▶ **TRY IT**: Read through the entries below and return each line with the word "Condition".

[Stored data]
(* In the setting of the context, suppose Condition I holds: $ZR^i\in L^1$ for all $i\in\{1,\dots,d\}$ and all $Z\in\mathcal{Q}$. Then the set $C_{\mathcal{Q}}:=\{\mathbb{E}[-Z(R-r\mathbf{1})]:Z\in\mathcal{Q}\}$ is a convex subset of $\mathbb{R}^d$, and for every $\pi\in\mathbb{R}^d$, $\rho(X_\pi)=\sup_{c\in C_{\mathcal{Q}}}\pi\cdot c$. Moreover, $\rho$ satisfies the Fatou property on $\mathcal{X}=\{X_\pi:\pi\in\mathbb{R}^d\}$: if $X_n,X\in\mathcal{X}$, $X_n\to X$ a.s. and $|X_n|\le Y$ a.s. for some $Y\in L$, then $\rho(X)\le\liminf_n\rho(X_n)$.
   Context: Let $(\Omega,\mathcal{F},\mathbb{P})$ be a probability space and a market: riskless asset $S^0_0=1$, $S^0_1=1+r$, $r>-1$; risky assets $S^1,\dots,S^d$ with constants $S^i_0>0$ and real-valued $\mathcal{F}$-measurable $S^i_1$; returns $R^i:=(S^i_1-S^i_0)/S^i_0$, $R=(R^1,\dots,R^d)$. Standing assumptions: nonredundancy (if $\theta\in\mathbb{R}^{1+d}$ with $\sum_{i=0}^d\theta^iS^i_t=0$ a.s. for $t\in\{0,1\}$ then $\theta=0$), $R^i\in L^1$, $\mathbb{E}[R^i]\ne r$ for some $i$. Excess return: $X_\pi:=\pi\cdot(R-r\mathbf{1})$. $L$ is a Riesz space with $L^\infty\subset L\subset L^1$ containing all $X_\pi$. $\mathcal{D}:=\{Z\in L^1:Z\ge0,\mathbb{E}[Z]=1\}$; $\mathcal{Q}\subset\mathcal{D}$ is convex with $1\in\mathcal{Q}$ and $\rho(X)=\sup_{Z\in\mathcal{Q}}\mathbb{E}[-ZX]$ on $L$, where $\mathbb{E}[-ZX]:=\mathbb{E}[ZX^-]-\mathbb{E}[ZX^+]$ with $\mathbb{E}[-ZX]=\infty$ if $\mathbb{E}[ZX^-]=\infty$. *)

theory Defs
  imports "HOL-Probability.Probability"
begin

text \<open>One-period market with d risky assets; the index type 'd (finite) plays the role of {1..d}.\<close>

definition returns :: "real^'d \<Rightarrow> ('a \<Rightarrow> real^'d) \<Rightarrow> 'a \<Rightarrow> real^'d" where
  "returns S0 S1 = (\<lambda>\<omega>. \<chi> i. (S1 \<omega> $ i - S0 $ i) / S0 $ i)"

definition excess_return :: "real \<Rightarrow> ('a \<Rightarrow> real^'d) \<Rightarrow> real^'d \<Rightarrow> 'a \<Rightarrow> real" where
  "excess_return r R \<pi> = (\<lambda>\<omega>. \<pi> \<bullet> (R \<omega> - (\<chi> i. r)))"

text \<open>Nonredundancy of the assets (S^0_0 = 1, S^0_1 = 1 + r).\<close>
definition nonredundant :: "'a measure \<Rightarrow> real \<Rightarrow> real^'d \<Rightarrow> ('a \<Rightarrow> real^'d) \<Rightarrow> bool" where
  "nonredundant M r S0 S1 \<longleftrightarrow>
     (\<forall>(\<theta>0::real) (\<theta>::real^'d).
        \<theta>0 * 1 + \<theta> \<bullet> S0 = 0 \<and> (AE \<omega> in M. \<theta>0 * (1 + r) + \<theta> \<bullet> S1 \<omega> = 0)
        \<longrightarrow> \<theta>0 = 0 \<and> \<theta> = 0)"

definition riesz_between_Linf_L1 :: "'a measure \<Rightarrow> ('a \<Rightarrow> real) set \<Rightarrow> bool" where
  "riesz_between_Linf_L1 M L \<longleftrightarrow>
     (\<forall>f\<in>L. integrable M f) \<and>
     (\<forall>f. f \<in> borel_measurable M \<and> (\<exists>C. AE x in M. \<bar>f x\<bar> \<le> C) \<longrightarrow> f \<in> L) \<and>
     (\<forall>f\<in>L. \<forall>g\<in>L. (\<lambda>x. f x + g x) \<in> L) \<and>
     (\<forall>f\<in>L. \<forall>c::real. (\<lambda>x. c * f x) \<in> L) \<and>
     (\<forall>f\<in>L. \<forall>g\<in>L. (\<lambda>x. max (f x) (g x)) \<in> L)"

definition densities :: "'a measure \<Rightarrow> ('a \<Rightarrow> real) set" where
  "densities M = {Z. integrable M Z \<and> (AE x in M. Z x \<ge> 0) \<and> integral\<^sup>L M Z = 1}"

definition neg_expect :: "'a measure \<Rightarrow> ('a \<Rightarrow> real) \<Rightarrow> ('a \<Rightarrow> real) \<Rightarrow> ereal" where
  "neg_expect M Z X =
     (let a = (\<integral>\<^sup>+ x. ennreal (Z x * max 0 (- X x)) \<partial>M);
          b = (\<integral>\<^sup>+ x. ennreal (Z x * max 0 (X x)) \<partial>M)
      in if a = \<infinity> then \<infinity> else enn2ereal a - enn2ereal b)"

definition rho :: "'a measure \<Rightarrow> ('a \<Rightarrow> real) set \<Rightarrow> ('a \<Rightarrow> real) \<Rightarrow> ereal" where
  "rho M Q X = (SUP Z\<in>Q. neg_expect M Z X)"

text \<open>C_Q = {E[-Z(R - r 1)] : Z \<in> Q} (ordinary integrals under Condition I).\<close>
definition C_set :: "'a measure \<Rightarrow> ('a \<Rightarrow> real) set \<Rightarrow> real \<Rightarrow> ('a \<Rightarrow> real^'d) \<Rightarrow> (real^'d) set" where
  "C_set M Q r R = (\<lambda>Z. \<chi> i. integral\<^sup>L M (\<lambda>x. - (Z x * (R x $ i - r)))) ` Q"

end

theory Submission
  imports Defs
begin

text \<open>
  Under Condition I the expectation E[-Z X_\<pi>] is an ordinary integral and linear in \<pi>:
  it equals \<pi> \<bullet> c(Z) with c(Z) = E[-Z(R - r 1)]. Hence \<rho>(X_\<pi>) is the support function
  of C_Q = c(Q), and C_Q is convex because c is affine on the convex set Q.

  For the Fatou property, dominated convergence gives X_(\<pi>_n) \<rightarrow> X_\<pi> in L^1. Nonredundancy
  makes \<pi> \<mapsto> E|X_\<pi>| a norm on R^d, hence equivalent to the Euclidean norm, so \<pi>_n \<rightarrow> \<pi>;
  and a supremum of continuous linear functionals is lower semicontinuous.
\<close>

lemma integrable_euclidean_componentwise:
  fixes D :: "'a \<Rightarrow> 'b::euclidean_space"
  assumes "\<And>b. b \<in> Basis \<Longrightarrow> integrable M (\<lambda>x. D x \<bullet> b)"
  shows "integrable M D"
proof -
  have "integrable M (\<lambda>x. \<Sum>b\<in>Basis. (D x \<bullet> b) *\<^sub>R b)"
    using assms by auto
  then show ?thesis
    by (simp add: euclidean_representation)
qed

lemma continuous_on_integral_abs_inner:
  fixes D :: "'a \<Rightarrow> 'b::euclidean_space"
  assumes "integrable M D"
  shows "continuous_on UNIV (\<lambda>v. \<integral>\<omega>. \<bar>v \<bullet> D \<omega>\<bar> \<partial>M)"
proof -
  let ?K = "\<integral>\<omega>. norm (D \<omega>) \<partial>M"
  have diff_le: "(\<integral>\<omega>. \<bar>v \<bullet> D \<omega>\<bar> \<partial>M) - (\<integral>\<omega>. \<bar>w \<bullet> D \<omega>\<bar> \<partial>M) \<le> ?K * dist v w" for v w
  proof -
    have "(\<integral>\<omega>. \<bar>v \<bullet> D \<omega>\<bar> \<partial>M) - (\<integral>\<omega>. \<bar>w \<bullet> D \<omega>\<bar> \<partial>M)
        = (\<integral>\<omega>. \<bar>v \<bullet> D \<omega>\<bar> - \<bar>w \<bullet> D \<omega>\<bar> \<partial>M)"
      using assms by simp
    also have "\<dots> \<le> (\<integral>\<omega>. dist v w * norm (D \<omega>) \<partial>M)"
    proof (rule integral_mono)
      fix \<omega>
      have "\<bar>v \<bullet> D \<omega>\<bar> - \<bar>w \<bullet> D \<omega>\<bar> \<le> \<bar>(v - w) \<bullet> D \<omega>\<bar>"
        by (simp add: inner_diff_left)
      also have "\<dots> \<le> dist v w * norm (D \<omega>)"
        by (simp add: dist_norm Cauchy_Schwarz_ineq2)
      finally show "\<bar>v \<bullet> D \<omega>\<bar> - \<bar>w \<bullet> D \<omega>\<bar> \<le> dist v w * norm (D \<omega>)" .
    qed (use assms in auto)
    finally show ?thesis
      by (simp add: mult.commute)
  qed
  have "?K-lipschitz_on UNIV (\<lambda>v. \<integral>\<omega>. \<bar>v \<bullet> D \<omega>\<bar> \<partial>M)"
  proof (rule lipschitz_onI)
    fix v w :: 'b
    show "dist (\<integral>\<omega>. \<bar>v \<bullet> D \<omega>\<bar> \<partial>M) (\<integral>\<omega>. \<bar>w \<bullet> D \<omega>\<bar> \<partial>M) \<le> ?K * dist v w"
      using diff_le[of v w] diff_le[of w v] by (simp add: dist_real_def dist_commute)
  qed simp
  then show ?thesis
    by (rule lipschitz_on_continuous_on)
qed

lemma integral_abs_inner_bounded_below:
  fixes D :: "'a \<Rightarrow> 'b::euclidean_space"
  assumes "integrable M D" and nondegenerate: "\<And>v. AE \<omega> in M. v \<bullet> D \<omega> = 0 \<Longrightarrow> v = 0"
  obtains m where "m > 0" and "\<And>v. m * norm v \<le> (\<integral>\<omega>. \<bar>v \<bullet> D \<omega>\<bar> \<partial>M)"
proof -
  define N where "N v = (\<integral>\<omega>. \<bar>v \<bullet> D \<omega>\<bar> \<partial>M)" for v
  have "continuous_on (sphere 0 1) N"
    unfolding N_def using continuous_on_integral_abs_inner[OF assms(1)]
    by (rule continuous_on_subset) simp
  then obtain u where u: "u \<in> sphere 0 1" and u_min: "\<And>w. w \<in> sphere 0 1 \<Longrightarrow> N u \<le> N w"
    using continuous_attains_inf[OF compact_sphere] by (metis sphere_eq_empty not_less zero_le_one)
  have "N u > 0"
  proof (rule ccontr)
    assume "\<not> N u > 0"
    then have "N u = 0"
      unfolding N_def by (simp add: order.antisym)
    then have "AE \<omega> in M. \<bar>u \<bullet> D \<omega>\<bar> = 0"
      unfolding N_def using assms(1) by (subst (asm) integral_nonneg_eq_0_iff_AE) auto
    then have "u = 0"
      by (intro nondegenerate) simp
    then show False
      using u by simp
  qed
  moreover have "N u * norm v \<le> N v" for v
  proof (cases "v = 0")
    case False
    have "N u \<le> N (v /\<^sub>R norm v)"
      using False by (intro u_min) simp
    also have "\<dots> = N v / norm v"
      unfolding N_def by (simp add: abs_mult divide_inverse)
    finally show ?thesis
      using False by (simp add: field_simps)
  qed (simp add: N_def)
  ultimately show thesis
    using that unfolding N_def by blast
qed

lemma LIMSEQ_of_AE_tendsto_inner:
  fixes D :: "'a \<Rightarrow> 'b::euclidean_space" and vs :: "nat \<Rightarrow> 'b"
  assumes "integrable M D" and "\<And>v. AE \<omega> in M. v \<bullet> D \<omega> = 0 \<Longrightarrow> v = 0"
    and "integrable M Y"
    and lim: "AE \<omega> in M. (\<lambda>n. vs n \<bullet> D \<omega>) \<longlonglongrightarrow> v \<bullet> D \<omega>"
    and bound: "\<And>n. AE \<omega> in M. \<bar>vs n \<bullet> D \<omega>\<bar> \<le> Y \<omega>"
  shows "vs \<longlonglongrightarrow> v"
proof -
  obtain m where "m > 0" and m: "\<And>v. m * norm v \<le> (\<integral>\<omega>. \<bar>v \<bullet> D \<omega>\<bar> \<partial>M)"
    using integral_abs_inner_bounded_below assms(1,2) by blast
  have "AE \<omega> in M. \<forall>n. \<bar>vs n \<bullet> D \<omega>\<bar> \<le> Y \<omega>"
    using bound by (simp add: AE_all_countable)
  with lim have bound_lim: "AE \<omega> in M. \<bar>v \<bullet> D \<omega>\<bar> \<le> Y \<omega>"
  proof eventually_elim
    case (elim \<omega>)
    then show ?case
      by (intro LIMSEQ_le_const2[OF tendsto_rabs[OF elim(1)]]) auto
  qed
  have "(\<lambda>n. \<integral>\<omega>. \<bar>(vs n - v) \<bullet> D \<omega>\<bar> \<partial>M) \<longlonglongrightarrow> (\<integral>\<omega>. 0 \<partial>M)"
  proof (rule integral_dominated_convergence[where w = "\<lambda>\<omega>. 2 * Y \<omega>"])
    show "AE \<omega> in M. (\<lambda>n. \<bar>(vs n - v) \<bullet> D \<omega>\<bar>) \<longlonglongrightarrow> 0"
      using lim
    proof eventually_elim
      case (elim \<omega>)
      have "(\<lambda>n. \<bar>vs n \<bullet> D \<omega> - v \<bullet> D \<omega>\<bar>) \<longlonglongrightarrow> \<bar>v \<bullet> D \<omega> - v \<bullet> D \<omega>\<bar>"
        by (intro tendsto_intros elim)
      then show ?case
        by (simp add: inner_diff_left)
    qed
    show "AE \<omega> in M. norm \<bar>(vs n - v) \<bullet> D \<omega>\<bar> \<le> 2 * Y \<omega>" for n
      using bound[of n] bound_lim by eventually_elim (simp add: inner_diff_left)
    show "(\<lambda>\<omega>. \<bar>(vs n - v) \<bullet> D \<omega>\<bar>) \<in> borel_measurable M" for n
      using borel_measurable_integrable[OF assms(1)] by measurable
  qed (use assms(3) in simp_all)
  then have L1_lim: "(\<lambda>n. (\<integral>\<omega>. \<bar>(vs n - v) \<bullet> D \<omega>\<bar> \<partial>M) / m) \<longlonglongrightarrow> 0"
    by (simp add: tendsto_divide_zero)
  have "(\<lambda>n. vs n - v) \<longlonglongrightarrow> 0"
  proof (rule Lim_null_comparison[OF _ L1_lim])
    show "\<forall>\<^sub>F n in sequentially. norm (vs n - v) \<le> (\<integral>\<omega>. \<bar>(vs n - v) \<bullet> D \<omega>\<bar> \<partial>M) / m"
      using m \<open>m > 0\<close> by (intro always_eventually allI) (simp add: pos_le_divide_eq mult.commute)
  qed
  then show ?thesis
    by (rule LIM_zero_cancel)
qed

▶ **TASK SOLUTION**:
(* In the setting of the context, suppose Condition I holds: $ZR^i\in L^1$ for all $i\in\{1,\dots,d\}$ and all $Z\in\mathcal{Q}$. Then the set $C_{\mathcal{Q}}:=\{\mathbb{E}[-Z(R-r\mathbf{1})]:Z\in\mathcal{Q}\}$ is a convex subset of $\mathbb{R}^d$, and for every $\pi\in\mathbb{R}^d$, $\rho(X_\pi)=\sup_{c\in C_{\mathcal{Q}}}\pi\cdot c$. Moreover, $\rho$ satisfies the Fatou property on $\mathcal{X}=\{X_\pi:\pi\in\mathbb{R}^d\}$: if $X_n,X\in\mathcal{X}$, $X_n\to X$ a.s. and $|X_n|\le Y$ a.s. for some $Y\in L$, then $\rho(X)\le\liminf_n\rho(X_n)$.
text \<open>C_Q = {E[-Z(R - r 1)] : Z \<in> Q} (ordinary integrals under Condition I).\<close>
  Under Condition I the expectation E[-Z X_\<pi>] is an ordinary integral and linear in \<pi>:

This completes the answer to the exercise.